(Collected data)

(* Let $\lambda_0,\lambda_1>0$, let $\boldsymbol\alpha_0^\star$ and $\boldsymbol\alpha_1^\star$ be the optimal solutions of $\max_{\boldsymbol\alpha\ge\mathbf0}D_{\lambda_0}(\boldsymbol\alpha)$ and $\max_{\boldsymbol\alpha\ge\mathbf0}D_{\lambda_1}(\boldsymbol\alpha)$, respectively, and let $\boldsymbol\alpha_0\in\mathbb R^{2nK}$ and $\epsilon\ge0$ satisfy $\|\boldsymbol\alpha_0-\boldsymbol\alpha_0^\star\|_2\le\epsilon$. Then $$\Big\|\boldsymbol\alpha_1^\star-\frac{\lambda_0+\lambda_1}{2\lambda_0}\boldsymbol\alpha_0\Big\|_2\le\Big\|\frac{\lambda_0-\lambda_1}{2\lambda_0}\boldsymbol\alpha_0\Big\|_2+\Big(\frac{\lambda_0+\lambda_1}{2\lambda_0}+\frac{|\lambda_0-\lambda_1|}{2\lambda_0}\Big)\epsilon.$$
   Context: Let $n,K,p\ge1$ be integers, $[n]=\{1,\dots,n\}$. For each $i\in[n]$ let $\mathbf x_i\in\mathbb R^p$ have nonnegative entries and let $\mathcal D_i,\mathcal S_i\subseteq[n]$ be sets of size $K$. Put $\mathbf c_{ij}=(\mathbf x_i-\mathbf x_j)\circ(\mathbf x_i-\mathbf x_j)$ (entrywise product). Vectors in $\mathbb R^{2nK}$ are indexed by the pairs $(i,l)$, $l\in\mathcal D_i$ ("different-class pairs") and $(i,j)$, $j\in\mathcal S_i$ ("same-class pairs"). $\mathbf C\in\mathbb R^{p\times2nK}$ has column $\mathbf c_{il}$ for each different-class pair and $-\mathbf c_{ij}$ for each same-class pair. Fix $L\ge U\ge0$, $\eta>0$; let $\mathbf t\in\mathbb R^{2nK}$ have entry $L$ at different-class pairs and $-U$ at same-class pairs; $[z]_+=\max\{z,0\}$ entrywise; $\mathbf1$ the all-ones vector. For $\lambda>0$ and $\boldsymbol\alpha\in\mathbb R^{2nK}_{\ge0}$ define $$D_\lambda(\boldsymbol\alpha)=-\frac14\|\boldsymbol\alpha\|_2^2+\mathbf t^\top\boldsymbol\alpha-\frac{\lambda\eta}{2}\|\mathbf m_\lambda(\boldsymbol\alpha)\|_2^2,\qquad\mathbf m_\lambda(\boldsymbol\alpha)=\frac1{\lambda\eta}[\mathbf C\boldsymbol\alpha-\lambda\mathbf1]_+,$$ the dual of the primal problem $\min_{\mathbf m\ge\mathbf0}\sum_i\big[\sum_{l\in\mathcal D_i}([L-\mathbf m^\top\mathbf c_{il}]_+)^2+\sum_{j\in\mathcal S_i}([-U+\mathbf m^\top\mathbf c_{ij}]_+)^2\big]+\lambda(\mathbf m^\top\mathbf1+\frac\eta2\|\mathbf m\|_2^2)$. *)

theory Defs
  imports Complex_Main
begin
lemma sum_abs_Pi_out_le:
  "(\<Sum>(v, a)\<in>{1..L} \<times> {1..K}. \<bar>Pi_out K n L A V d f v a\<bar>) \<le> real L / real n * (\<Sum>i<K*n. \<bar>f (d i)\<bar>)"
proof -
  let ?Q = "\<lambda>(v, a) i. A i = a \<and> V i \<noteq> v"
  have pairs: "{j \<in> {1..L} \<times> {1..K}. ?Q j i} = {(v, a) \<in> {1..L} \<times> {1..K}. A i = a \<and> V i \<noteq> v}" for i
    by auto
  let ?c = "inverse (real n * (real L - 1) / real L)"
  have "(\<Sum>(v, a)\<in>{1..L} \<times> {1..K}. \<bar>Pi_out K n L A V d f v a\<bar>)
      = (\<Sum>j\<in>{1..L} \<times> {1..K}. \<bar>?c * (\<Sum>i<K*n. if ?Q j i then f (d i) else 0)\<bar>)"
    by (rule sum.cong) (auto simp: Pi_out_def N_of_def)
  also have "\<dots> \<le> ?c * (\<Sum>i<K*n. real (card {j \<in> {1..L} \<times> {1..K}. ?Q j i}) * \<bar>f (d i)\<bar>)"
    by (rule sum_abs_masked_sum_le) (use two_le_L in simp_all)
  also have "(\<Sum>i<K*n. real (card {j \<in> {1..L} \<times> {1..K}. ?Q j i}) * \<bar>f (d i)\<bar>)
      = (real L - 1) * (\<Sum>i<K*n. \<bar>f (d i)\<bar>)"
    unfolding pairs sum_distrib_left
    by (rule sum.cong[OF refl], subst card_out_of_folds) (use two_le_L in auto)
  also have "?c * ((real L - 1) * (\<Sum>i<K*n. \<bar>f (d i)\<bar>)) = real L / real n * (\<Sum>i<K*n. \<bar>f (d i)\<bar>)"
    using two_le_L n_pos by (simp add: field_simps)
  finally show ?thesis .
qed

● **TASK**: Before answering, count every line of the records that contains "cong"; the answer is that number and nothing more.

● **EXERCISE SOLUTION**: 2